We can turn One Step Away into a monthly warning manual about how easy it is to lose it all in a blink. Not just the stories of our lives and life experiences, but also the ones of those people we’ve met who can’t write and or don’t have a voice to have their story told, some who worked steady jobs for years and have stacked money and paid off their properties and think that being homeless is a problem they will never face, but unfortunately did. People are not born homeless. They somehow, some time in their lives, had some bad luck.

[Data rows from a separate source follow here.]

lemma tail_apply: "tail j E = (\<Sum>l\<in>{j..<m}. D l E)"
  by (simp add: tail_def sum_fun_apply)

lemma tail_nonneg: "tail j E \<ge> 0"
  unfolding tail_apply by (intro sum_nonneg) (simp add: D_nonneg)

lemma tail_eq_0: "D j E = 0 \<Longrightarrow> tail j E = 0"
  unfolding tail_apply
proof (intro sum.neutral ballI)
  fix l assume "D j E = 0" and "l \<in> {j..<m}"
  then have "D l E \<le> D j E" and "D l E \<ge> 0"
    using D_antimono[of j l] D_nonneg[of l E] by (auto simp: le_fun_def dest: spec[of _ E])
  then show "D l E = 0"
    using \<open>D j E = 0\<close> by simp
qed

lemma D_orthogonal_tail: "j < l \<Longrightarrow> inter M (D j) (tail l) = 0"
  unfolding tail_def inter_sum_right by (simp add: D_orthogonal)

lemma inter_tail_self: "inter M (tail j) (tail j) = (\<Sum>l\<in>{j..<m}. inter M (D l) (D l))"
  unfolding tail_def
proof (rule inter_sum_self_orthogonal)
  fix l l' assume "l \<in> {j..<m}" "l' \<in> {j..<m}" "l \<noteq> l'"
  then show "inter M (D l) (D l') = 0"
    using D_orthogonal[of l l'] D_orthogonal[of l' l] inter_sym[of "D l"]
    by (cases "l < l'") (auto simp: not_less_iff_gr_or_eq)
qed


lemma dot_tail_nonneg: "D j E = 0 \<Longrightarrow> dot (tail j) E \<ge> 0"
  using tail_nonneg tail_eq_0 by (intro dot_nonneg) (auto simp: le_fun_def)

lemma dot_tail_ge_dot_D:
  assumes "j < m" and "D j E = 0"
  shows "dot (tail j) E \<ge> dot (D j) E"
proof -
  have "tail (Suc j) E = 0"
    using tail_eq_0[OF assms(2)] tail_Suc[OF assms(1)] tail_nonneg[of "Suc j" E] assms(2) by simp
  then have "dot (tail (Suc j)) E \<ge> 0"
    using tail_nonneg by (intro dot_nonneg) (auto simp: le_fun_def)
  then show ?thesis
    by (simp add: tail_Suc[OF assms(1)] inter_add_left)
qed

end

locale degree_two_ess_irreducible = yau_sequence +
  fixes A
  assumes minus_two_off_A: "E \<noteq> A \<Longrightarrow> minus_two_curve M g E"
    and Z_sq: "inter M Z Z = -2"
    and p_pos: "p > 0"
    and last_Ds: "last Ds = Zm"
begin

abbreviation k where "k \<equiv> Z A"

definition K_dot_A where "K_dot_A = 2 * g A - 2 - M A A"

lemma g_M_off_A: "E \<noteq> A \<Longrightarrow> g E = 0 \<and> M E E = -2"
  using minus_two_off_A by (simp add: minus_two_curve_def)

lemma canon_eq: "canon M g X = X A * K_dot_A"
proof -
  have "canon M g X = (\<Sum>i\<in>UNIV. if i = A then X A * K_dot_A else 0)"
    unfolding canon_def by (intro sum.cong refl) (auto simp: K_dot_A_def dest: g_M_off_A)
  then show ?thesis by simp
qed

lemma adj_eq: "adj M g X = inter M X X + X A * K_dot_A"
  by (simp add: adj_def canon_eq)

lemma adj_Z: "adj M g Z = 2 * p - 2"
  by (rule adj_eq_pa)

lemma k_mult_K_dot_A: "k * K_dot_A = 2 * p"
  using adj_Z Z_sq by (simp add: adj_eq)

lemma K_dot_A_pos: "K_dot_A > 0"
proof (rule ccontr)
  assume "\<not> K_dot_A > 0"
  then have "k * K_dot_A \<le> 0"
    using Z_ge_1[of A] by (simp add: mult_nonneg_nonpos)
  then show False
    using k_mult_K_dot_A p_pos by simp
qed

lemma adj_add_unitc: "E \<noteq> A \<Longrightarrow> adj M g (X + unitc E) = adj M g X - 2 + 2 * dot X E"
  using g_M_off_A[of E] by (simp add: adj_add adj_unitc)

lemma adj_diff_unitc: "E \<noteq> A \<Longrightarrow> adj M g (X - unitc E) = adj M g X - 2 - 2 * dot X E"
  using g_M_off_A[of E] by (simp add: adj_diff adj_unitc inter_diff_left inter_unitc_unitc)

lemma D_last: "D (m - 1) = Zm"
  using last_Ds m_pos by (simp add: last_conv_nth)

lemma Zm_A: "Zm A \<ge> 1"
proof (rule ccontr)
  assume "\<not> Zm A \<ge> 1"
  moreover have "Zm A \<ge> 0"
    using Zm_pos by (simp add: zero_less_fun_iff)
  ultimately have "adj M g Zm = inter M Zm Zm"
    by (simp add: adj_eq)
  moreover have "inter M Zm Zm < 0"
    using Zm_pos by (intro inter_self_neg) simp
  moreover have "adj M g Zm = 2 * p - 2"
    using pa_Zm by (simp add: adj_eq_pa)
  ultimately show False
    using p_pos by simp
qed

lemma D_A: "i < m \<Longrightarrow> D i A \<ge> 1"
  using Zm_le_D[of i] Zm_A by (auto simp: le_fun_def intro: order_trans)

lemma dot_D_A: "Suc i < m \<Longrightarrow> dot (D i) A = 0"
  using dot_D_Zmin_support Zm_A by blast

lemma inter_D_self: "i < m \<Longrightarrow> inter M (D i) (D i) = 2 * p - 2 - K_dot_A * D i A"
  using adj_D[of i] adj_Z by (simp add: adj_eq algebra_simps)

lemma dot_D_ge_minus_1:
  assumes "i < m" and "E \<noteq> A" and "D i E \<ge> 1"
  shows "dot (D i) E \<ge> -1"
proof (rule ccontr)
  assume "\<not> dot (D i) E \<ge> -1"
  define X where "X = D i - unitc E"
  have "0 < X"
  proof (rule zero_less_funI)
    show "X \<ge> 0"
      using assms D_nonneg[OF assms(1)] by (simp add: X_def le_fun_def unitc_def)
    show "X A \<noteq> 0"
      using assms D_A[OF assms(1)] by (simp add: X_def unitc_def)
  qed
  moreover have "X \<le> D i"
    by (simp add: X_def le_fun_def unitc_def)
  then have "X \<le> Z"
    using D_le_Z[OF assms(1)] by simp
  ultimately have "adj M g X \<le> adj M g Z"
    by (rule adj_le_fundamental)
  moreover have "adj M g X = adj M g Z - 2 - 2 * dot (D i) E"
    using adj_D[OF assms(1)] adj_diff_unitc[OF assms(2)] by (simp add: X_def)
  ultimately show False
    using \<open>\<not> dot (D i) E \<ge> -1\<close> by simp
qed

lemma tyurina_cand_D_add_unitc:
  assumes j: "Suc j < m" and E: "E \<noteq> A" and le: "D (Suc j) + unitc E \<le> D j"
    and dot_j: "dot (D j) E = 0" and dot_Suc: "dot (D (Suc j)) E = 1"
  shows "tyurina_cand M g (D j) (D (Suc j) + unitc E)"
  unfolding tyurina_cand_def
proof (intro conjI allI impI)
  show "0 < D (Suc j) + unitc E"
    using D_pos[OF j] by (rule zero_less_add_unitc)
  have "adj M g (D (Suc j) + unitc E) = adj M g (D j)"
    using adj_D[OF j] adj_D[of j] j adj_add_unitc[OF E] dot_Suc by simp
  then show "pa M g (D (Suc j) + unitc E) = pa M g (D j)"
    by (simp add: adj_eq_pa)
  have "dot (D (Suc j) + unitc E) E = -1"
    using dot_Suc g_M_off_A[OF E] by (simp add: inter_add_left inter_unitc_unitc)
  then have "D (Suc j) + unitc E \<noteq> D j"
    using dot_j by auto
  then show "D (Suc j) + unitc E < D j"
    using le by simp
next
  fix E' assume "1 \<le> (D (Suc j) + unitc E) E'"
  then show "dot (D j) E' = 0"
    using dot_j dot_D_next_support[OF j] by (cases "E' = E") (auto simp: unitc_def)
qed

lemma dot_D_Suc_nonpos:
  assumes j: "Suc j < m" and E: "E \<noteq> A" and less: "D (Suc j) E < D j E"
    and dot_j: "dot (D j) E = 0"
  shows "dot (D (Suc j)) E \<le> 0"
proof (rule ccontr)
  assume pos: "\<not> dot (D (Suc j)) E \<le> 0"
  define X where "X = D (Suc j) + unitc E"
  have le: "X \<le> D j"
    using D_Suc_le[OF j] less by (auto simp: X_def le_fun_def unitc_def)
  have "0 < X"
    using D_pos[OF j] unfolding X_def by (rule zero_less_add_unitc)
  moreover have "X \<le> Z"
    using le D_le_Z[of j] j by (meson Suc_lessD order_trans)
  ultimately have "adj M g X \<le> adj M g Z"
    by (rule adj_le_fundamental)
  then have "dot (D (Suc j)) E = 1"
    using pos adj_D[OF j] adj_add_unitc[OF E] by (simp add: X_def)
  then have "tyurina_cand M g (D j) X"
    using tyurina_cand_D_add_unitc[OF j E] le dot_j by (simp add: X_def)
  then have "X \<le> D (Suc j)"
    by (rule tyurina_cand_le_D_Suc[OF j])
  then show False
    by (auto simp: X_def le_fun_def unitc_def dest: spec[of _ E])
qed

lemma dot_D_nonpos:
  assumes i: "i < m" and E: "E \<noteq> A" and "D i E \<ge> 1"
  shows "dot (D i) E \<le> 0"
proof (cases i)
  case 0
  then show ?thesis
    using dot_Z_nonpos by (simp add: D_0)
next
  case (Suc j)
  with i have j: "Suc j < m" by simp
  have dot_j: "dot (D j) E = 0"
    using dot_D_next_support[OF j] assms(3) Suc by simp
  show ?thesis
  proof (cases "D (Suc j) E < D j E")
    case True
    then show ?thesis
      using dot_D_Suc_nonpos[OF j E _ dot_j] Suc by simp
  next
    case False
    then have "D (Suc j) E = D j E"
      using D_Suc_le[OF j] by (auto simp: le_fun_def dest: spec[of _ E])
    then have "dot (D (Suc j)) E \<le> dot (D j) E"
      using dot_le_if_coeff_eq D_Suc_le[OF j] by blast
    then show ?thesis
      using dot_j Suc by simp
  qed
qed

definition dropped_curves where
  "dropped_curves j = {G. G \<noteq> A \<and> D j G \<ge> 1 \<and> D (Suc j) G = 0}"

lemma M_eq_0_if_dot_nonpos:
  assumes j: "Suc j < m" and G: "G \<in> dropped_curves j" and dot_G: "dot (D (Suc j)) G \<le> 0"
    and l: "l \<notin> dropped_curves j" and l_j: "D j l \<ge> 1"
  shows "M l G = 0"
proof -
  have "D (Suc j) l \<ge> 1"
    using l l_j D_A[OF j] D_nonneg[OF j, of l] by (cases "l = A") (auto simp: dropped_curves_def)
  moreover have "D (Suc j) G = 0" and "l \<noteq> G"
    using G l by (auto simp: dropped_curves_def)
  ultimately have "dot (D (Suc j)) G \<ge> D (Suc j) l * M l G" and "M l G \<ge> 0"
    using dot_ge_coeff[of "D (Suc j)" G l] D_pos[OF j] M_nonneg_off_diag
    by (auto simp: less_fun_def)
  with \<open>D (Suc j) l \<ge> 1\<close> dot_G show ?thesis
    by (smt (verit) mult_le_cancel_left1 mult_nonneg_nonneg)
qed

lemma dot_off_config_eq_0:
  assumes j: "Suc j < m" and Q: "Q \<subseteq> dropped_curves j"
    and isolated: "\<And>G F. G \<in> Q \<Longrightarrow> F \<in> dropped_curves j - Q \<Longrightarrow> M G F = 0"
    and dot_Q: "\<And>G. G \<in> Q \<Longrightarrow> dot (D (Suc j)) G \<le> 0"
    and G: "G \<in> Q"
  shows "dot (D j - (\<lambda>i. if i \<in> Q then D j i else 0)) G = 0"
proof -
  let ?W = "D j - (\<lambda>i. if i \<in> Q then D j i else 0)"
  have "?W l * M l G = 0" for l
  proof (cases "?W l = 0")
    case False
    then have "l \<notin> Q" and "D j l \<ge> 1"
      using D_nonneg[of j l] j by (auto split: if_splits)
    have "M l G = 0"
    proof (cases "l \<in> dropped_curves j")
      case True
      then have "M G l = 0"
        using G \<open>l \<notin> Q\<close> isolated by blast
      then show ?thesis
        using M_sym by metis
    next
      case False
      then show ?thesis
        using G Q M_eq_0_if_dot_nonpos[OF j _ dot_Q[OF G]] \<open>D j l \<ge> 1\<close> by auto
    qed
    then show ?thesis by simp
  qed simp
  then have "(\<Sum>l\<in>UNIV. ?W l * M l G) = 0"
    by (simp only: sum.neutral_const)
  then show ?thesis
    by (simp add: inter_unitc_right)
qed

text \<open>Otherwise D j splits orthogonally into its part on Q and the rest, and the rest
  would have larger p_a than Z.\<close>
lemma config_meets_D_Suc:
  assumes j: "Suc j < m" and "E \<in> Q" and Q: "Q \<subseteq> dropped_curves j"
    and isolated: "\<And>G F. G \<in> Q \<Longrightarrow> F \<in> dropped_curves j - Q \<Longrightarrow> M G F = 0"
  shows "\<exists>G\<in>Q. dot (D (Suc j)) G \<ge> 1"
proof (rule ccontr)
  assume "\<not> ?thesis"
  then have "dot (D (Suc j)) G \<le> 0" if "G \<in> Q" for G
    using that by force
  then have dot_W: "dot (D j - (\<lambda>i. if i \<in> Q then D j i else 0)) G = 0" if "G \<in> Q" for G
    using dot_off_config_eq_0[OF j Q isolated] that by blast
  have j': "j < m" using j by simp
  define X where "X = (\<lambda>i. if i \<in> Q then D j i else 0)"
  define W where "W = D j - X"
  have "inter M W X = 0"
    unfolding inter_eq_sum_unitc[of M W X] using dot_W
    by (auto simp: W_def X_def intro!: sum.neutral)
  moreover have "D j E \<ge> 1"
    using assms(2) Q by (auto simp: dropped_curves_def)
  then have "X E \<noteq> 0"
    using assms(2) by (simp add: X_def)
  then have "X \<noteq> 0"
    by (metis zero_fun_apply)
  then have "adj M g X < 0"
    using inter_self_neg Q by (auto simp: adj_eq X_def dropped_curves_def)
  moreover have "D j = W + X"
    by (simp add: W_def)
  then have "adj M g (D j) = adj M g W + adj M g X + 2 * inter M W X"
    by (simp add: adj_add)
  ultimately have "adj M g W > adj M g Z"
    using adj_D[OF j'] by simp
  moreover have "0 < W"
    using D_nonneg[OF j'] D_A[OF j'] Q
    by (intro zero_less_funI[of _ A]) (auto simp: W_def X_def le_fun_def dropped_curves_def)
  moreover have "W \<le> D j"
    using D_nonneg[OF j'] by (simp add: W_def X_def le_fun_def)
  then have "W \<le> Z"
    using D_le_Z[OF j'] by simp
  ultimately show False
    using adj_le_fundamental by fastforce
qed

That is why I like One Step Away, because a lot of us have hit rock bottom, which is no secret. The real secret is how many homeless people at one time may have been very well off. We used to ride around on our high horses with our noses up in the air not even glancing down to realize the whole foundation of our finances, lives and everything we lived for was slowly being eaten by figurative termites. We once had everything, which can create a fog ... and by the time it cleared we were sleeping in abandoned houses, begging for money, sleeping in parks, and, for many of us, we were left light years after it was too late to save ourselves, wondering what happened.

When I became homeless it was with my fianceé. We did not know there was such a thing as a couples shelter. We had not slept apart from each other in separate beds, let alone houses, for 10 years and we were not about to start now. Thus we began our nightmarish ordeal of sleeping in abandoned homes and on sidewalks. I do not wish that on my worst enemy.

One instant I had a great job and I was in college and doing good. I had no interest in drugs; I swore I would never have to deal with this kind of problem. At 26 I became injured in a bad accident. A doctor I trusted gave me Oxycontin. It was basically government heroin, I later found out, which was actually more pure then the stuff they had on the streets. I gave my girlfriend some to help with cramps; the next thing I knew my soul was gone. My life was being controlled by somebody else. Two years later we lost everything and did stuff that I can never forgive myself for, just to stay high.

The love between us got us into rehab and clean. Now we are slowly gaining family trust back and we finally, thanks to One Step Away, have our own housing. Thank you, Philadelphia. Your donations have made me a new, improved human who will never forget your kindness.